What you are asked to do: Return, exactly as written, every line from the first line of the data below through the line that contains "then obtain c0".

* * *

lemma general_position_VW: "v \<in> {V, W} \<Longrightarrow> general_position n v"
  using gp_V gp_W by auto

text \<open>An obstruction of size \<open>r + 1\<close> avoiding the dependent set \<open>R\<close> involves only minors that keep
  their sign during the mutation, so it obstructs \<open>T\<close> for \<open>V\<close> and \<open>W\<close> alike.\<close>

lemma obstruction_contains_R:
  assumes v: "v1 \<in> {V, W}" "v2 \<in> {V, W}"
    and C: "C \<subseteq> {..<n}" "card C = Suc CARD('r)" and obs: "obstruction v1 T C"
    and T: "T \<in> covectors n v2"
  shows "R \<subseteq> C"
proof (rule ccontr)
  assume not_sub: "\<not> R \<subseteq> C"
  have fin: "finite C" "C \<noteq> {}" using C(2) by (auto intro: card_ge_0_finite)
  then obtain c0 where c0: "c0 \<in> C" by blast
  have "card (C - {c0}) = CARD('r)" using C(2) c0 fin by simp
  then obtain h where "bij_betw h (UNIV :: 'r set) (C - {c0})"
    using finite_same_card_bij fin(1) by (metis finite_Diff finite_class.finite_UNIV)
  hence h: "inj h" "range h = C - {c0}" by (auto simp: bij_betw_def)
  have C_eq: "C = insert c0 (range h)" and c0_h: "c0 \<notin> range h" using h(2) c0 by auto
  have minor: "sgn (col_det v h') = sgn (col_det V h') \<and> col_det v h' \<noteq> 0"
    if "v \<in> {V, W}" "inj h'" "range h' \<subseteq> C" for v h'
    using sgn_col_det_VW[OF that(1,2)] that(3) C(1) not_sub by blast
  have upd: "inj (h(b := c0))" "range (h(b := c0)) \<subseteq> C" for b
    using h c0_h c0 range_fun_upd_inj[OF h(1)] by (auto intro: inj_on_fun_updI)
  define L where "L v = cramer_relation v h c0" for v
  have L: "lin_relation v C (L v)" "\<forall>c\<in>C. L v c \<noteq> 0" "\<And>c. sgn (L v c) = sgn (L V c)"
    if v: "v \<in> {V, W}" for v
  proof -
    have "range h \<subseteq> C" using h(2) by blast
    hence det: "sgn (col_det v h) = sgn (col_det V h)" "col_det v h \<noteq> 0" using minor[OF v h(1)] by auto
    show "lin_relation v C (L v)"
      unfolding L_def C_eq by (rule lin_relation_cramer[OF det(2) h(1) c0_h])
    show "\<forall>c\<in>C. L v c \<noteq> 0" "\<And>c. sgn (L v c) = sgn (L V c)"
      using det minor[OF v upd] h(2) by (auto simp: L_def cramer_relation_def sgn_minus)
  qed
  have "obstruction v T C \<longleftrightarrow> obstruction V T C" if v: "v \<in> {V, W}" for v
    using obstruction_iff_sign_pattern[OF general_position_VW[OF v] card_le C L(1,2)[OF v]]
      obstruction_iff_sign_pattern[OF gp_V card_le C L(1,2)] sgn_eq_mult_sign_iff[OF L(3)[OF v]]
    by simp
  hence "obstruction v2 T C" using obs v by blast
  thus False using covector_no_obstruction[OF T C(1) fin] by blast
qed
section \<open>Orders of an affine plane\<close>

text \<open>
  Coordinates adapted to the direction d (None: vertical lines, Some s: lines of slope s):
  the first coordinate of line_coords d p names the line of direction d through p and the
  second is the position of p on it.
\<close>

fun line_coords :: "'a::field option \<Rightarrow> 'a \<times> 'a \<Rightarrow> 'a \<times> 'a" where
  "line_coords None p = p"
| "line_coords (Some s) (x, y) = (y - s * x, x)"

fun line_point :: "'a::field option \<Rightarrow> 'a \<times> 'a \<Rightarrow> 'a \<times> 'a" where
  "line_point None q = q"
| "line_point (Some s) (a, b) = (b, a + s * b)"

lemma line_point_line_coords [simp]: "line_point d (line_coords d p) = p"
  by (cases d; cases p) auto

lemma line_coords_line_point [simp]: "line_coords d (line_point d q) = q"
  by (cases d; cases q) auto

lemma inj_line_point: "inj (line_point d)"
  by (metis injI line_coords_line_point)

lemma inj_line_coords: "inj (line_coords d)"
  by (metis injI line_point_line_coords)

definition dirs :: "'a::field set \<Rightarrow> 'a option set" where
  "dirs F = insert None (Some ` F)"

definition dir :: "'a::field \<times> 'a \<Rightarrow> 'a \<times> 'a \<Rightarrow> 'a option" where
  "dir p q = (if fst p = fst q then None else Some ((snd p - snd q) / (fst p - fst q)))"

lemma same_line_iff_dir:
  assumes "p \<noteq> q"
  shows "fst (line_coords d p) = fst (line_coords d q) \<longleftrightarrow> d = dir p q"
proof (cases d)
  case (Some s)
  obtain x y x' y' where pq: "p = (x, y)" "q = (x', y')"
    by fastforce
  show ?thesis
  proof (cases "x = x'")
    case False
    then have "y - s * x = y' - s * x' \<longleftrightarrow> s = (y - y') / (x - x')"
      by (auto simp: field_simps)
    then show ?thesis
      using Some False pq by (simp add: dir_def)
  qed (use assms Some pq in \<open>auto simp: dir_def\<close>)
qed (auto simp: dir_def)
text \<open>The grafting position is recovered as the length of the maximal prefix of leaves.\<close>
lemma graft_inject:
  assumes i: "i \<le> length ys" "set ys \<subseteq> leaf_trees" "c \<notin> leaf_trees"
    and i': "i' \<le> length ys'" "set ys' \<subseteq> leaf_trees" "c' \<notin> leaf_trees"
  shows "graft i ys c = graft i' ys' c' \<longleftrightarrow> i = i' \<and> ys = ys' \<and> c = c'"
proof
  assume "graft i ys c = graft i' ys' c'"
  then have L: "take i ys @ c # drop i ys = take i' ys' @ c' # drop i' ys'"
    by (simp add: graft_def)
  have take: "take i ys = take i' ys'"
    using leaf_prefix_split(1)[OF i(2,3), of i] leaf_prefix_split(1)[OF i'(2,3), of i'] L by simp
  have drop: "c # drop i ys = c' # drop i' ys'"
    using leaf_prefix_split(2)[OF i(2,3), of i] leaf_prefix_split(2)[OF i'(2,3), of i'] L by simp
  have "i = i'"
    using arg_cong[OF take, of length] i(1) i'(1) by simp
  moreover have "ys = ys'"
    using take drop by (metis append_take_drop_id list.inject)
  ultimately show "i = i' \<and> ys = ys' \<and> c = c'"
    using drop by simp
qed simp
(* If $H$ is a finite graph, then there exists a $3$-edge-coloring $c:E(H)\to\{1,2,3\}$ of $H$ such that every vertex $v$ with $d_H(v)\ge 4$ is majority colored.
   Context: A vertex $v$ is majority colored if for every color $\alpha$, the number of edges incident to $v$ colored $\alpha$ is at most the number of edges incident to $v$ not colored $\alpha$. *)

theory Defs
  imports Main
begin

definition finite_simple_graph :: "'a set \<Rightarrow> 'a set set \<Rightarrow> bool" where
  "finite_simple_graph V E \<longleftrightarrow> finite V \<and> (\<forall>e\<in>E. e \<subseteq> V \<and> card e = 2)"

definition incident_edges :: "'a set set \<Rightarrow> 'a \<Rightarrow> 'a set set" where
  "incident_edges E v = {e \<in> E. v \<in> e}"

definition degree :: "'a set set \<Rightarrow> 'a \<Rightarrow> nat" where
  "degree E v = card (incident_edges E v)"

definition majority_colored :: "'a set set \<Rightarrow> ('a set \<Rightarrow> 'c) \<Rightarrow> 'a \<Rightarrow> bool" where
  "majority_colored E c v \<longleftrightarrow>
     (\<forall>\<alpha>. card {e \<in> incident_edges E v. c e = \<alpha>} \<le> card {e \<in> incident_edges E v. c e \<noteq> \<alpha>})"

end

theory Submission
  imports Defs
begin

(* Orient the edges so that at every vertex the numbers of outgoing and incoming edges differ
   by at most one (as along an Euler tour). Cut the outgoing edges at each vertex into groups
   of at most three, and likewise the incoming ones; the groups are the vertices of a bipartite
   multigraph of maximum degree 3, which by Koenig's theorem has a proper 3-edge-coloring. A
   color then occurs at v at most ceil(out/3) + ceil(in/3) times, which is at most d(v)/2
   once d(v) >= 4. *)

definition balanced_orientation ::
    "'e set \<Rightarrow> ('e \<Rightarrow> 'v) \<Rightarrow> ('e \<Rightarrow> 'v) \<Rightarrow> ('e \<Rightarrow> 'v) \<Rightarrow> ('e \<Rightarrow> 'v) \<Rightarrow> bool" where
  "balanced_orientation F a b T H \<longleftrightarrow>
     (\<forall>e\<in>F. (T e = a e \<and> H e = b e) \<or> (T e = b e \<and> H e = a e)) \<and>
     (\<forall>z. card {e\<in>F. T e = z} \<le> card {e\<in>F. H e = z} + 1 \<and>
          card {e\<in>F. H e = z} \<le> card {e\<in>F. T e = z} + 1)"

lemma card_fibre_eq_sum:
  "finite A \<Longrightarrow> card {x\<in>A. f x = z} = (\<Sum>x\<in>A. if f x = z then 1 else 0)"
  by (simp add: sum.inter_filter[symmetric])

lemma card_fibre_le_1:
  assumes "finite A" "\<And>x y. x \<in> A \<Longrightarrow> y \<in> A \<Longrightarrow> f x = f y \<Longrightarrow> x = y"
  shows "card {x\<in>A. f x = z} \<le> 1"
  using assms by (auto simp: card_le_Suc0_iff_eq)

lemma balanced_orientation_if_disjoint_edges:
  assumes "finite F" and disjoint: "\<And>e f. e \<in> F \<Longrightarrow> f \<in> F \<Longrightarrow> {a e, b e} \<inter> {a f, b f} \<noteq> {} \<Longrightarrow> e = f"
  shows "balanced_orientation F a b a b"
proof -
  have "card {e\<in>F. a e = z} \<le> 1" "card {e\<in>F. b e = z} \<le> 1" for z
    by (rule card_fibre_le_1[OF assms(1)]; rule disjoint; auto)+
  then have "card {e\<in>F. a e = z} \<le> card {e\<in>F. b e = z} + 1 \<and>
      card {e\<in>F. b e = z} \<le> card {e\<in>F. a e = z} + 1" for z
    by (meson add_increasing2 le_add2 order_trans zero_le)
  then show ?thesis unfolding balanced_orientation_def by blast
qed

* * *

Result:
lemma general_position_VW: "v \<in> {V, W} \<Longrightarrow> general_position n v"
  using gp_V gp_W by auto

text \<open>An obstruction of size \<open>r + 1\<close> avoiding the dependent set \<open>R\<close> involves only minors that keep
  their sign during the mutation, so it obstructs \<open>T\<close> for \<open>V\<close> and \<open>W\<close> alike.\<close>

lemma obstruction_contains_R:
  assumes v: "v1 \<in> {V, W}" "v2 \<in> {V, W}"
    and C: "C \<subseteq> {..<n}" "card C = Suc CARD('r)" and obs: "obstruction v1 T C"
    and T: "T \<in> covectors n v2"
  shows "R \<subseteq> C"
proof (rule ccontr)
  assume not_sub: "\<not> R \<subseteq> C"
  have fin: "finite C" "C \<noteq> {}" using C(2) by (auto intro: card_ge_0_finite)
  then obtain c0 where c0: "c0 \<in> C" by blast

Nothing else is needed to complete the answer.